§ **Available data**:
lemma normal_closure_normal:
  assumes "S \<subseteq> carrier G"
  shows "normal_closure G S \<lhd> G"
  unfolding normal_closure_def
proof (rule normal_generateI)
  show "(\<Union>g\<in>carrier G. (\<lambda>s. g \<otimes> s \<otimes> inv g) ` S) \<subseteq> carrier G"
    using assms by auto
  fix h g assume "h \<in> (\<Union>g\<in>carrier G. (\<lambda>s. g \<otimes> s \<otimes> inv g) ` S)" and g: "g \<in> carrier G"
  then obtain c s where cs: "c \<in> carrier G" "s \<in> S" "h = c \<otimes> s \<otimes> inv c"
    by blast
  then have "g \<otimes> h \<otimes> inv g = (g \<otimes> c) \<otimes> s \<otimes> inv (g \<otimes> c)"
    using g assms by (auto simp: m_assoc inv_mult_group)
  then show "g \<otimes> h \<otimes> inv g \<in> (\<Union>g\<in>carrier G. (\<lambda>s. g \<otimes> s \<otimes> inv g) ` S)"
    using cs g by auto
qed

lemma normal_closure_subgroup: "S \<subseteq> carrier G \<Longrightarrow> subgroup (normal_closure G S) G"
  using normal_closure_normal normal_invE by blast

lemma conj_in_normal_closure:
  "S \<subseteq> carrier G \<Longrightarrow> g \<in> carrier G \<Longrightarrow> s \<in> S \<Longrightarrow> g \<otimes> s \<otimes> inv g \<in> normal_closure G S"
  unfolding normal_closure_def by (rule generate.incl) blast

lemma subset_normal_closure: "S \<subseteq> carrier G \<Longrightarrow> S \<subseteq> normal_closure G S"
  using conj_in_normal_closure[of S \<one>] by force

lemma normal_closure_minimal:
  assumes "subgroup K G" "\<And>g s. g \<in> carrier G \<Longrightarrow> s \<in> S \<Longrightarrow> g \<otimes> s \<otimes> inv g \<in> K"
  shows "normal_closure G S \<subseteq> K"
  unfolding normal_closure_def using assms by (intro generate_subgroup_incl) auto

lemma normal_closure_mono: "S \<subseteq> T \<Longrightarrow> normal_closure G S \<subseteq> normal_closure G T"
  unfolding normal_closure_def by (rule mono_generate) blast

lemma normal_closure_Diff_one:
  assumes "S \<subseteq> carrier G"
  shows "normal_closure G (S - {\<one>}) = normal_closure G S"
proof
  have K: "subgroup (normal_closure G (S - {\<one>})) G"
    using assms by (intro normal_closure_subgroup) blast
  show "normal_closure G S \<subseteq> normal_closure G (S - {\<one>})"
  proof (rule normal_closure_minimal[OF K])
    fix g s assume "g \<in> carrier G" "s \<in> S"
    then show "g \<otimes> s \<otimes> inv g \<in> normal_closure G (S - {\<one>})"
      using assms subgroup.one_closed[OF K] conj_in_normal_closure[of "S - {\<one>}" g s]
      by (cases "s = \<one>") auto
  qed
qed (rule normal_closure_mono, blast)
(* Let $\alpha>0$, $x\in\mathbb{R}^+$ and $r>0$. Let $B_\delta(x,r)=\{y\in\mathbb{R}^+:\delta(x,y)<r\}$. All integrals below are in $y$, with integrand a function of $\delta(x,y)$. (a) $B_\delta(x,r)$ is the largest dyadic interval in $\mathcal{D}$ that contains $x$ and has measure less than $r$. Denote it by $I(x,r)$. (b) $\displaystyle\int_{B_\delta(x,r)}\frac{dy}{\delta(x,y)^{1-\alpha}}=\frac{1}{2(1-2^{-\alpha})}|I(x,r)|^{\alpha}$. This quantity is comparable to $r^\alpha$, with constants depending only on $\alpha$. (c) $\displaystyle\int_{B_\delta(x,r)}\frac{dy}{\delta(x,y)^{1+\alpha}}=+\infty$. (d) $\displaystyle\int_{\mathbb{R}^+\setminus B_\delta(x,r)}\frac{dy}{\delta(x,y)^{1+\alpha}}=\frac{2^{-\alpha}}{2(1-2^{-\alpha})}|I(x,r)|^{-\alpha}$. This quantity is comparable to $r^{-\alpha}$, with constants depending only on $\alpha$. (e) $\displaystyle\int_{\mathbb{R}^+\setminus B_\delta(x,r)}\frac{dy}{\delta(x,y)^{1-\alpha}}=+\infty$. (f) $\displaystyle\int_{B_\delta(x,r)}\frac{dy}{\delta(x,y)}=\int_{\mathbb{R}^+\setminus B_\delta(x,r)}\frac{dy}{\delta(x,y)}=+\infty$.
   Context: Let $\mathbb{R}^+=(0,\infty)$. $\mathcal{D}$ is the family of dyadic intervals in $\mathbb{R}^+$, namely the intervals $I^j_k=(k2^{-j},(k+1)2^{-j}]$ with $j\in\mathbb{Z}$ and $k$ a nonnegative integer. The dyadic distance on $\mathbb{R}^+$ is $\delta(x,y)=\inf\{|I|: I\in\mathcal{D},\ x,y\in I\}$. It is a metric and satisfies $|x-y|\le\delta(x,y)$. *)

theory Defs
  imports "HOL-Analysis.Analysis"
begin
lemma rho_le_endpoint_dist:
  assumes "\<bar>x\<bar> \<le> pi" "\<bar>c\<bar> = pi"
  shows "rho x \<le> 2 * \<bar>x - c\<bar> / pi"
proof -
  have "rho x = (pi - x) * (pi + x) / pi\<^sup>2"
    by (simp add: field_simps power2_eq_square)
  also have "\<dots> \<le> \<bar>x - c\<bar> * (2 * pi) / pi\<^sup>2"
  proof (intro divide_right_mono)
    consider "c = pi" | "c = - pi" using assms(2) by linarith
    then show "(pi - x) * (pi + x) \<le> \<bar>x - c\<bar> * (2 * pi)"
    proof cases
      case 1
      then show ?thesis using assms(1) by (simp add: mult_left_mono)
    next
      case 2
      have "(pi - x) * (pi + x) \<le> (2 * pi) * (pi + x)"
        using assms(1) by (intro mult_right_mono) auto
      then show ?thesis using 2 assms(1) by (simp add: ac_simps)
    qed
  qed simp
  also have "\<dots> = 2 * \<bar>x - c\<bar> / pi"
    by (simp add: power2_eq_square)
  finally show ?thesis .
qed

lemma abs_bump_term_le:
  "\<bar>bump_term a k p y\<bar> \<le> exp 1 * fact (2 * k + 2) * poly (map_poly abs p) 1 * (rho y)\<^sup>2"
proof (cases "\<bar>y\<bar> < pi")
  case True
  define r where "r = rho y"
  have r: "0 < r" "r \<le> 1" using rho_pos [OF True] by (auto simp: r_def)
  have "\<bar>bump_term a k p y\<bar> = exp (1 - 1 / r) * \<bar>y / pi\<bar> ^ a * \<bar>poly p r\<bar> / (r ^ (2 * k) * pi ^ k)"
    using True r by (simp add: bump_term_def r_def abs_mult power_abs)
  also have "\<dots> \<le> exp 1 * fact (2 * k + 2) * r ^ (2 * k + 2) * 1 * poly (map_poly abs p) 1 / (r ^ (2 * k) * 1)"
    using True r pi_gt3 exp_one_minus_inverse_le_power [OF r(1), of "2 * k + 2"]
      abs_poly_le_map_poly_abs [of r 1 p]
    by (intro divide_mono mult_mono) (auto simp: power_le_one one_le_power)
  also have "\<dots> = exp 1 * fact (2 * k + 2) * poly (map_poly abs p) 1 * r\<^sup>2"
    using r by (simp add: power_add power2_eq_square field_simps)
  finally show ?thesis by (simp add: r_def)
next
  case False
  have "0 \<le> poly (map_poly abs p) 1"
    using abs_poly_le_map_poly_abs [of 0 1 p] by simp
  then show ?thesis using False by (simp add: bump_term_def)
qed

(* Near an endpoint c, rho is O(|x - c|), so abs_bump_term_le makes a bump term O((x - c)^2). *)
lemma DERIV_bump_term_endpoint:
  assumes "\<bar>c\<bar> = pi"
  shows "(bump_term a k p has_real_derivative 0) (at c)"
proof (rule quadratic_bound_imp_DERIV_zero)
  fix y
  define C where "C = exp 1 * fact (2 * k + 2) * poly (map_poly abs p) 1"
  have "0 \<le> C"
    using abs_poly_le_map_poly_abs [of 0 1 p] by (simp add: C_def)
  have rho_sq: "(rho y)\<^sup>2 \<le> 4 * (y - c)\<^sup>2" if "\<bar>y\<bar> < pi"
  proof -
    have "rho y \<le> 2 * \<bar>y - c\<bar> / pi" using rho_le_endpoint_dist [of y c] that assms by simp
    also have "\<dots> \<le> 2 * \<bar>y - c\<bar> / 1" using pi_gt3 by (intro divide_left_mono) auto
    finally have "(rho y)\<^sup>2 \<le> (2 * \<bar>y - c\<bar>)\<^sup>2"
      using rho_pos [OF that] by (intro power_mono) auto
    then show ?thesis by (simp add: power_mult_distrib)
  qed
  have "\<bar>bump_term a k p y\<bar> \<le> 4 * C * (y - c)\<^sup>2"
  proof (cases "\<bar>y\<bar> < pi")
    case True
    have "\<bar>bump_term a k p y\<bar> \<le> C * (rho y)\<^sup>2"
      using abs_bump_term_le by (simp add: C_def)
    also have "\<dots> \<le> C * (4 * (y - c)\<^sup>2)"
      using rho_sq [OF True] \<open>0 \<le> C\<close> by (rule mult_left_mono)
    finally show ?thesis by simp
  qed (use \<open>0 \<le> C\<close> in \<open>simp add: bump_term_def\<close>)
  then show "\<bar>bump_term a k p y - bump_term a k p c\<bar> \<le> 4 * C * (y - c)\<^sup>2"
    using assms by (simp add: bump_term_def)
qed

lemma DERIV_bump_term_interior:
  assumes "\<bar>x\<bar> < pi"
  shows "((\<lambda>x. exp (1 - 1 / rho x) * (x / pi) ^ a * poly p (rho x) / (rho x ^ (2 * k) * pi ^ k))
      has_real_derivative
        exp (1 - 1 / rho x) * ((x / pi) ^ Suc a * poly (bump_step k p) (rho x)
          + a * (x / pi) ^ (a - 1) * (rho x)\<^sup>2 * poly p (rho x)) / (rho x ^ (2 * Suc k) * pi ^ Suc k))
      (at x)"
proof -
  have r: "rho x \<noteq> 0" "(x / pi)\<^sup>2 \<noteq> 1" using rho_pos [OF assms] by auto
  define E where "E = exp (1 - 1 / rho x)"
  define A where "A = poly p (rho x)"
  define B where "B = poly (pderiv p) (rho x)"
  define U where "U = (x / pi) ^ a"
  define V where "V = (x / pi) ^ (a - Suc 0)"
  define R where "R = rho x"
  have "R \<noteq> 0" using r by (simp add: R_def)
  (* abstracting the transcendental subterms leaves a rational identity for field_simps *)
  show ?thesis
    apply (rule derivative_eq_intros refl poly_DERIV [THEN DERIV_chain2] | simp add: r)+
    apply (simp add: bump_step_def)
    apply (simp only: E_def [symmetric] A_def [symmetric] B_def [symmetric] U_def [symmetric]
        V_def [symmetric] R_def [symmetric])
    apply (cases k)
     apply (simp_all add: field_simps power2_eq_square \<open>R \<noteq> 0\<close>)
    done
qed

lemma DERIV_bump_term:
  assumes "a \<le> 1"
  shows "(bump_term a k p has_real_derivative bump_term (1 - a) (Suc k) (bump_next a k p) x) (at x)"
proof -
  consider "\<bar>x\<bar> < pi" | "\<bar>x\<bar> = pi" | "pi < \<bar>x\<bar>" by linarith
  then show ?thesis
  proof cases
    case 1
    have step: "u ^ Suc a * poly (bump_step k p) (1 - u\<^sup>2) + a * u ^ (a - 1) * (1 - u\<^sup>2)\<^sup>2 * poly p (1 - u\<^sup>2)
        = u ^ (1 - a) * poly (bump_next a k p) (1 - u\<^sup>2)" for u :: real
      using assms by (cases a) (auto simp: bump_next_def algebra_simps power2_eq_square)
    have "bump_term (1 - a) (Suc k) (bump_next a k p) x
        = exp (1 - 1 / rho x) * ((x / pi) ^ (1 - a) * poly (bump_next a k p) (rho x))
          / (rho x ^ (2 * Suc k) * pi ^ Suc k)"
      using 1 by (simp add: bump_term_def mult.assoc)
    then have "((\<lambda>x. exp (1 - 1 / rho x) * (x / pi) ^ a * poly p (rho x) / (rho x ^ (2 * k) * pi ^ k))
        has_real_derivative bump_term (1 - a) (Suc k) (bump_next a k p) x) (at x)"
      using DERIV_bump_term_interior [OF 1, of a p k] unfolding step by simp
    then show ?thesis
      by (rule has_field_derivative_transform_within_open [where S = "{-pi<..<pi}"])
        (use 1 in \<open>auto simp: bump_term_def\<close>)
  next
    case 2
    then show ?thesis using DERIV_bump_term_endpoint [OF 2] by (simp add: bump_term_def)
  next
    case 3
    have "(bump_term a k p has_real_derivative 0) (at x)"
      by (rule has_field_derivative_transform_within_open [OF DERIV_const, where S = "{y. pi < \<bar>y\<bar>}"])
        (use 3 in \<open>auto simp: bump_term_def open_Collect_less continuous_intros\<close>)
    then show ?thesis using 3 by (simp add: bump_term_def)
  qed
qed

lemma DERIV_bump_poly_term:
  "(bump_term (k mod 2) k (bump_poly k) has_real_derivative
      bump_term (Suc k mod 2) (Suc k) (bump_poly (Suc k)) x) (at x)"
proof -
  have "Suc k mod 2 = 1 - k mod 2" by (simp add: mod_Suc)
  then show ?thesis unfolding bump_poly.simps(2) by (simp only:) (rule DERIV_bump_term, simp)
qed

lemma DERIV_z1: "(z1 has_real_derivative bump_term 1 1 (bump_poly 1) x) (at x)"
proof -
  have "z1 = (\<lambda>x. bump_term 0 0 (bump_poly 0) x - 1)"
    by (simp add: fun_eq_iff z1_def bump_term_def)
  then show ?thesis
    using DERIV_diff [OF DERIV_bump_poly_term [of 0 x] DERIV_const [of 1]] by simp
qed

§ **Task to carry out**: Return only the stretch of the material above from the line holding "define C where" through the line holding "using rho_pos [OF that]", copied exactly.

§ **Answer for this exercise**:
  define C where "C = exp 1 * fact (2 * k + 2) * poly (map_poly abs p) 1"
  have "0 \<le> C"
    using abs_poly_le_map_poly_abs [of 0 1 p] by (simp add: C_def)
  have rho_sq: "(rho y)\<^sup>2 \<le> 4 * (y - c)\<^sup>2" if "\<bar>y\<bar> < pi"
  proof -
    have "rho y \<le> 2 * \<bar>y - c\<bar> / pi" using rho_le_endpoint_dist [of y c] that assms by simp
    also have "\<dots> \<le> 2 * \<bar>y - c\<bar> / 1" using pi_gt3 by (intro divide_left_mono) auto
    finally have "(rho y)\<^sup>2 \<le> (2 * \<bar>y - c\<bar>)\<^sup>2"
      using rho_pos [OF that] by (intro power_mono) auto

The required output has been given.